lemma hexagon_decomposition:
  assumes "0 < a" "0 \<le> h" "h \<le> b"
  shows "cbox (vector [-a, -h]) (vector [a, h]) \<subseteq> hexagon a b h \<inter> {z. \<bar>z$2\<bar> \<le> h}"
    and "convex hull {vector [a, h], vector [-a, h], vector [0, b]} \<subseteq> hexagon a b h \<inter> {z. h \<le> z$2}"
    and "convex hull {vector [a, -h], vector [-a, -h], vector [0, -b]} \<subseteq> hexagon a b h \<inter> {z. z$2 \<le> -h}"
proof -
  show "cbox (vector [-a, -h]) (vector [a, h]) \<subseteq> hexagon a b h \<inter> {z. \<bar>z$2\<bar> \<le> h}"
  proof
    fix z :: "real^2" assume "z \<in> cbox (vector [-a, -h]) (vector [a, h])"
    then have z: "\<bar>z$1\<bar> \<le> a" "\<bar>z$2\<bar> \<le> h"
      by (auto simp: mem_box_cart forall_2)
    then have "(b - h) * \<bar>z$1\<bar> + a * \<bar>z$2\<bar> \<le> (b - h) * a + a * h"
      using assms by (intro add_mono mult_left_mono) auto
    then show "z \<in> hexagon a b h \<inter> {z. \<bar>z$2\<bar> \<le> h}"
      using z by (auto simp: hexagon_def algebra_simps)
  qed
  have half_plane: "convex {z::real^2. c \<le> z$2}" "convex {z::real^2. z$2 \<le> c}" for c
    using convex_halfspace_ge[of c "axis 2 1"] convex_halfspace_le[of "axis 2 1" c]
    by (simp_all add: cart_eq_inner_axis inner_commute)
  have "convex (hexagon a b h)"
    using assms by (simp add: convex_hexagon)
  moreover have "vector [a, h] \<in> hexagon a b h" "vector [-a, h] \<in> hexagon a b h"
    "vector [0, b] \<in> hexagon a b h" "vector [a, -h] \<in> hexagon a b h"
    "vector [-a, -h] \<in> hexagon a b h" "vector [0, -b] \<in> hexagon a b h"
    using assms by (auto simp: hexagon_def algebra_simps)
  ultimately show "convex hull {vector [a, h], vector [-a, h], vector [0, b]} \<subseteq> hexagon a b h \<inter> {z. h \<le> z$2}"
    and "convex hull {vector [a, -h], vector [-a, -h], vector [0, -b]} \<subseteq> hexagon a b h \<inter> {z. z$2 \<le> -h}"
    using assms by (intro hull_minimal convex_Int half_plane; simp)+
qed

==

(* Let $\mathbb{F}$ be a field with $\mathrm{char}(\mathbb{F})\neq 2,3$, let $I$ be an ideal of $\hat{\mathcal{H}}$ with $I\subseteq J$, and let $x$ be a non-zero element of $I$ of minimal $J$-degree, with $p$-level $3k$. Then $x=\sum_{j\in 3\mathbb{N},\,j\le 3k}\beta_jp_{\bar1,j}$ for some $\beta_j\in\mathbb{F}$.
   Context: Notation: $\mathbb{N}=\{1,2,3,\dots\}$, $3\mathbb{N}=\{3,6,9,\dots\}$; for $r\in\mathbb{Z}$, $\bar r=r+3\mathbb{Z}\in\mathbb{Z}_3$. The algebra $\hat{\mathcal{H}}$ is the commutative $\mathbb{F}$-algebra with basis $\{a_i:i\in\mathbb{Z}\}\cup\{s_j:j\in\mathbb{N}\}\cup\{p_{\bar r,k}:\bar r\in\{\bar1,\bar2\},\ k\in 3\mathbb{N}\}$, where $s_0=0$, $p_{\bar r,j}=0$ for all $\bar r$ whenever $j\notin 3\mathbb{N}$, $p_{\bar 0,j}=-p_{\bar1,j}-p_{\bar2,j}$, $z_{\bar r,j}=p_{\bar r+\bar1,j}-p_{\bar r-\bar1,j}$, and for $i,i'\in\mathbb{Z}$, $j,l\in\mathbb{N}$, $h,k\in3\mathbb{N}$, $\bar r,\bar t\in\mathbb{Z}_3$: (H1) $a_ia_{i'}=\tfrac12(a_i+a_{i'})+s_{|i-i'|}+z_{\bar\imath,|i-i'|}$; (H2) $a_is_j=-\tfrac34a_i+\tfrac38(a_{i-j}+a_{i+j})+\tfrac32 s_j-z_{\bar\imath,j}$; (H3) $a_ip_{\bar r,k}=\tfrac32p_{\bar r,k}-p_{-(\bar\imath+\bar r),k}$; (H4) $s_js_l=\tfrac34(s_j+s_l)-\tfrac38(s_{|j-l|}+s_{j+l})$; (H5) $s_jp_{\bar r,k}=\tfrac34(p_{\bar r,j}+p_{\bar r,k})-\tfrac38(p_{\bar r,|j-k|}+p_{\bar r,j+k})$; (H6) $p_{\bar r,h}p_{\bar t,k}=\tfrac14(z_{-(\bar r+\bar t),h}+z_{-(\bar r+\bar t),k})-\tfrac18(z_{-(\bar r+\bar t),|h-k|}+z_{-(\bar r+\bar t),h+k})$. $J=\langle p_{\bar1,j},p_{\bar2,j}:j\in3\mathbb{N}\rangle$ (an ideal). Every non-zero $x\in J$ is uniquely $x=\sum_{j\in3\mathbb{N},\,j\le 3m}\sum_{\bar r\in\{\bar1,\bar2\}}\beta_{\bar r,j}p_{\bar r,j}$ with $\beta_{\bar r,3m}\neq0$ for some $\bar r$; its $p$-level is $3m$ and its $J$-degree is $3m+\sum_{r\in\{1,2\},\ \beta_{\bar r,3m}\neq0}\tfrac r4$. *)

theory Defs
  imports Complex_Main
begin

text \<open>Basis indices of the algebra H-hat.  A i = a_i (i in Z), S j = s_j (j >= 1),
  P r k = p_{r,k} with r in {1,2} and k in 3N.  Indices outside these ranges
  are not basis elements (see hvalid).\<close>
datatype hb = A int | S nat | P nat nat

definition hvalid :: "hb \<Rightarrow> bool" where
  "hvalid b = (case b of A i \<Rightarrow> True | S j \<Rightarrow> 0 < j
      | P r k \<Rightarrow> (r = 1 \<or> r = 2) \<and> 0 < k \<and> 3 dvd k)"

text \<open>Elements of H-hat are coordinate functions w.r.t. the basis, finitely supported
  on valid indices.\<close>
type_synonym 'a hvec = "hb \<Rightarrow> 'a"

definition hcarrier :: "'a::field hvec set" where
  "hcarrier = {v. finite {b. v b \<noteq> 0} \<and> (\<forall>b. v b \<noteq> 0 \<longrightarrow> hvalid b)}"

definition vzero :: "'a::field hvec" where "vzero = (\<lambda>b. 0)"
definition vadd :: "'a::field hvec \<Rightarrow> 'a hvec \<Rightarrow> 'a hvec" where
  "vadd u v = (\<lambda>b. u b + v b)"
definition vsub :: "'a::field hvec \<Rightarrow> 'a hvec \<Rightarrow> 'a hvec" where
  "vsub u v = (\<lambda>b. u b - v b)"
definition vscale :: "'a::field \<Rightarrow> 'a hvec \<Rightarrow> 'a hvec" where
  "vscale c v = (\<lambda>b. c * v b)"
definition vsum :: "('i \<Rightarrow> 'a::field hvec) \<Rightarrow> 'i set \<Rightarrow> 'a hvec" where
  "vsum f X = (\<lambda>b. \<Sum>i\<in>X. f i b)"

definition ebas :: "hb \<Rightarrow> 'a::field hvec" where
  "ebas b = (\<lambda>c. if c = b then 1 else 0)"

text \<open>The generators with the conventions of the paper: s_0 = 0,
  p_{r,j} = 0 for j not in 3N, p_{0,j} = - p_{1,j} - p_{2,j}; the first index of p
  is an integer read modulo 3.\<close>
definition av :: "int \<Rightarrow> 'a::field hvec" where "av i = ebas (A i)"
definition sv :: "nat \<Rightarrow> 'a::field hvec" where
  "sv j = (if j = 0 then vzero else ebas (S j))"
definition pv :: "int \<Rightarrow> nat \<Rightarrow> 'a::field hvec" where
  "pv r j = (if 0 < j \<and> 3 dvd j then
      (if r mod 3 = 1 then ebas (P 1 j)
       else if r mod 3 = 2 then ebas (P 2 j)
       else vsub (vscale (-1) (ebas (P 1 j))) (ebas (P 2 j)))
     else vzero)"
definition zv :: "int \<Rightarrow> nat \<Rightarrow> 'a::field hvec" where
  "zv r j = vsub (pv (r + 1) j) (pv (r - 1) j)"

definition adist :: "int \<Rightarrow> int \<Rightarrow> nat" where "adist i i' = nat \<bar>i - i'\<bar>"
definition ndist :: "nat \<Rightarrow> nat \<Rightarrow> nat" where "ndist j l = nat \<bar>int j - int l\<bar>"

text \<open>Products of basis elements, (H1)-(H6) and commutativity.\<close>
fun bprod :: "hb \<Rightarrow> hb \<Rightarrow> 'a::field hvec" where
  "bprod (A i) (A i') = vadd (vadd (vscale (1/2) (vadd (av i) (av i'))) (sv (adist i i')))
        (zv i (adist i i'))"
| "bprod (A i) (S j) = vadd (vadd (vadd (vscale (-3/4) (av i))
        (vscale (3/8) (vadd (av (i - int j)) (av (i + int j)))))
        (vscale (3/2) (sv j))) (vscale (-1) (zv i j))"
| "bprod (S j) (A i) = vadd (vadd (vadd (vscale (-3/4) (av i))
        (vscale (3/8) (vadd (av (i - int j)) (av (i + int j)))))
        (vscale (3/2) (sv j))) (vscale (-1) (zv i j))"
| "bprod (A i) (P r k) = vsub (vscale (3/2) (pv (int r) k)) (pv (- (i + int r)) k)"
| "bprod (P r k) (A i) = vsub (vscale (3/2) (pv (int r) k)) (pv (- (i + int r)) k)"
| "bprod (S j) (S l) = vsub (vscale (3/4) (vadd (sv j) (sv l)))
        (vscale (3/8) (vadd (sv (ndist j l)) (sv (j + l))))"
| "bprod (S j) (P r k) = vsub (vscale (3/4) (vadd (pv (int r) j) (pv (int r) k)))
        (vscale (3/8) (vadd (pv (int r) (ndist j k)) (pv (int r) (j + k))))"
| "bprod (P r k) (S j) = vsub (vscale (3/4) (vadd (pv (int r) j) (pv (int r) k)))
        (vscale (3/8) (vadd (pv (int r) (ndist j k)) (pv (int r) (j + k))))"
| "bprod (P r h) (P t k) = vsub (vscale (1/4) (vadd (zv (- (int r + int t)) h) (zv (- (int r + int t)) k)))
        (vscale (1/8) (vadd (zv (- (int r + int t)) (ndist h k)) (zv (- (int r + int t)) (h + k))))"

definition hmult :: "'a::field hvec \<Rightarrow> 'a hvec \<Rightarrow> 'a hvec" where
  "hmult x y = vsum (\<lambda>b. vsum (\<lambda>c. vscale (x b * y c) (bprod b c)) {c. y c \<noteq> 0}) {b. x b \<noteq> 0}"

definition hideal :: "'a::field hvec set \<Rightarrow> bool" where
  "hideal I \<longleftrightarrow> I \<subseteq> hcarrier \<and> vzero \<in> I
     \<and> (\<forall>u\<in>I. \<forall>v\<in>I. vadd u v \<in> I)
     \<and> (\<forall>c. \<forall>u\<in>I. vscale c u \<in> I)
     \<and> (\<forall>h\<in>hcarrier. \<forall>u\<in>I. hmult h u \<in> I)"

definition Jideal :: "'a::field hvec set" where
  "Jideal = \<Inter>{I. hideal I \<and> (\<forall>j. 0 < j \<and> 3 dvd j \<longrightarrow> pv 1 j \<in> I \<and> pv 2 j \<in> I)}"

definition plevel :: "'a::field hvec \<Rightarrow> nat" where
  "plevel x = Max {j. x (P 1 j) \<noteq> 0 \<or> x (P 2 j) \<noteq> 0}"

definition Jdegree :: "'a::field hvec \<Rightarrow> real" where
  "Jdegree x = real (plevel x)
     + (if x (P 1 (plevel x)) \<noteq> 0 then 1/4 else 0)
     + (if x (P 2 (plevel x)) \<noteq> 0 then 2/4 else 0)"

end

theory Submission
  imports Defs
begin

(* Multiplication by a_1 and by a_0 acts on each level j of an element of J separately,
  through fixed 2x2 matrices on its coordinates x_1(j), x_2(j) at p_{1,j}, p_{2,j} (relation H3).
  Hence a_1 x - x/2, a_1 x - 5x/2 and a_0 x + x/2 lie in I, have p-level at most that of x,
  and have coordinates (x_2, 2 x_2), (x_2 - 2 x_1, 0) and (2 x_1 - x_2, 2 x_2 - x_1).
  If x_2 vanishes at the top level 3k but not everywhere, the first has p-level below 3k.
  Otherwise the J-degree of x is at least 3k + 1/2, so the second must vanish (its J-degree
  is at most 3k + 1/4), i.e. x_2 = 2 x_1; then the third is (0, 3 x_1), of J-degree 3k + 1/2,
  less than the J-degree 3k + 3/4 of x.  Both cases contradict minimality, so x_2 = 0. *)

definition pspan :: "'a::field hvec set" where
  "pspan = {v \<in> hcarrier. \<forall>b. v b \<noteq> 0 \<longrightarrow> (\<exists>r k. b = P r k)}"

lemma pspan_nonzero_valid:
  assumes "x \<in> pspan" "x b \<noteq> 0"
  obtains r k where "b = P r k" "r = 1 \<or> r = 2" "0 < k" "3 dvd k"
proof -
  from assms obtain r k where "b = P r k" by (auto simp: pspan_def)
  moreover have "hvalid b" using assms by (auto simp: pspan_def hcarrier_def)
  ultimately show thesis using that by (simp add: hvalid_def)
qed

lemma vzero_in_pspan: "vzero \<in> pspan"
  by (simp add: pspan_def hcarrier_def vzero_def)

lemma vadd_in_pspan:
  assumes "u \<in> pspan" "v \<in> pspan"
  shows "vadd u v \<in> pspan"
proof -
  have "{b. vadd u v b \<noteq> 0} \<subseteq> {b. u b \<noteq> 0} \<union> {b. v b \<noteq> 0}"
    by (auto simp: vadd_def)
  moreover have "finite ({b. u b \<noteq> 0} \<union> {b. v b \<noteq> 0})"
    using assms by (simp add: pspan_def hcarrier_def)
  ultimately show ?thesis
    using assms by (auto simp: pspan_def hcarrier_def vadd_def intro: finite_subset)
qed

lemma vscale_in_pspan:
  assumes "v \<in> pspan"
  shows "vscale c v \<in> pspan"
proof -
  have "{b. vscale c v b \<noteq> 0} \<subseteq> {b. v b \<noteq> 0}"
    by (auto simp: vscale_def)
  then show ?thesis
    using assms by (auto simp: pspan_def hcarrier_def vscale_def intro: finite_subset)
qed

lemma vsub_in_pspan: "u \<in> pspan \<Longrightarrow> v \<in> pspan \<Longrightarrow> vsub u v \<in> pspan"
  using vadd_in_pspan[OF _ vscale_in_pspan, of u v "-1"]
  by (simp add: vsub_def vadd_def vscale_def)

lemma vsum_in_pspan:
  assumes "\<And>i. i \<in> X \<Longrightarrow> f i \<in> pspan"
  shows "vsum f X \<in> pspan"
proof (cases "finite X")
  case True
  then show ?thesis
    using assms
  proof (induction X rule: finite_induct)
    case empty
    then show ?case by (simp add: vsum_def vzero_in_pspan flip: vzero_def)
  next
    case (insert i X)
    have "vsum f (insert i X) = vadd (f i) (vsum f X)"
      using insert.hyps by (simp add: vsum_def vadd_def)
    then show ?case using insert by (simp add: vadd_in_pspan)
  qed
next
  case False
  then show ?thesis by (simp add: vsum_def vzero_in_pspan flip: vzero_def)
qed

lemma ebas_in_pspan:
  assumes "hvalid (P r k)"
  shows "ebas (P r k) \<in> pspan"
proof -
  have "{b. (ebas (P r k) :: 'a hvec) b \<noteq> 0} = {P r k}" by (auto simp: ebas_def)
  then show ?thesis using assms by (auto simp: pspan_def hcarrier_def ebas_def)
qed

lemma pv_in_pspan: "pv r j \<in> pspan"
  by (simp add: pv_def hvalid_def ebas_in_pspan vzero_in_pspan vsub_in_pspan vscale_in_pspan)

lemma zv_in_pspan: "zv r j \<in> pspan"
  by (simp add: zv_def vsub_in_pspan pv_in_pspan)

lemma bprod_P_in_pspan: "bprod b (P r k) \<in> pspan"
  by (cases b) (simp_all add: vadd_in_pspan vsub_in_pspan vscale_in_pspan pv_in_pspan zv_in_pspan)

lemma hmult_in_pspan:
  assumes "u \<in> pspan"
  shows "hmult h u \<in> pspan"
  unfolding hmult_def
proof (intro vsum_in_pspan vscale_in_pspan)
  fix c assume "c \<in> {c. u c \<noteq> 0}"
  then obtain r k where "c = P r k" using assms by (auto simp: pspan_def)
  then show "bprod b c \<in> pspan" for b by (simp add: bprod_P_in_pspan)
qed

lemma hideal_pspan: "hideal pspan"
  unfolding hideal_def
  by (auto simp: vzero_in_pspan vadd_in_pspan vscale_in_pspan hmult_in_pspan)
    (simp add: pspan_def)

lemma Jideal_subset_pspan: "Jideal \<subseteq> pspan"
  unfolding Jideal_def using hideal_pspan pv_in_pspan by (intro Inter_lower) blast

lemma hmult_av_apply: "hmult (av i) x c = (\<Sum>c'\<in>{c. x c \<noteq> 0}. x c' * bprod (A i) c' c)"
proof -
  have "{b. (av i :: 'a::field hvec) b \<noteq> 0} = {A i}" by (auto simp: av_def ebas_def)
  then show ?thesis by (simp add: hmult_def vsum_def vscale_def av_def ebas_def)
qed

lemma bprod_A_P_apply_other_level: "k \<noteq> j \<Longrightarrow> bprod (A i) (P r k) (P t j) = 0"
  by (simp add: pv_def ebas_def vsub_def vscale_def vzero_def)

> _Exercise brief_:
Copy out each line of the material in which the word "that" turns up.

> _Reply to the exercise_:
  Hence a_1 x - x/2, a_1 x - 5x/2 and a_0 x + x/2 lie in I, have p-level at most that of x,
  ultimately show thesis using that by (simp add: hvalid_def)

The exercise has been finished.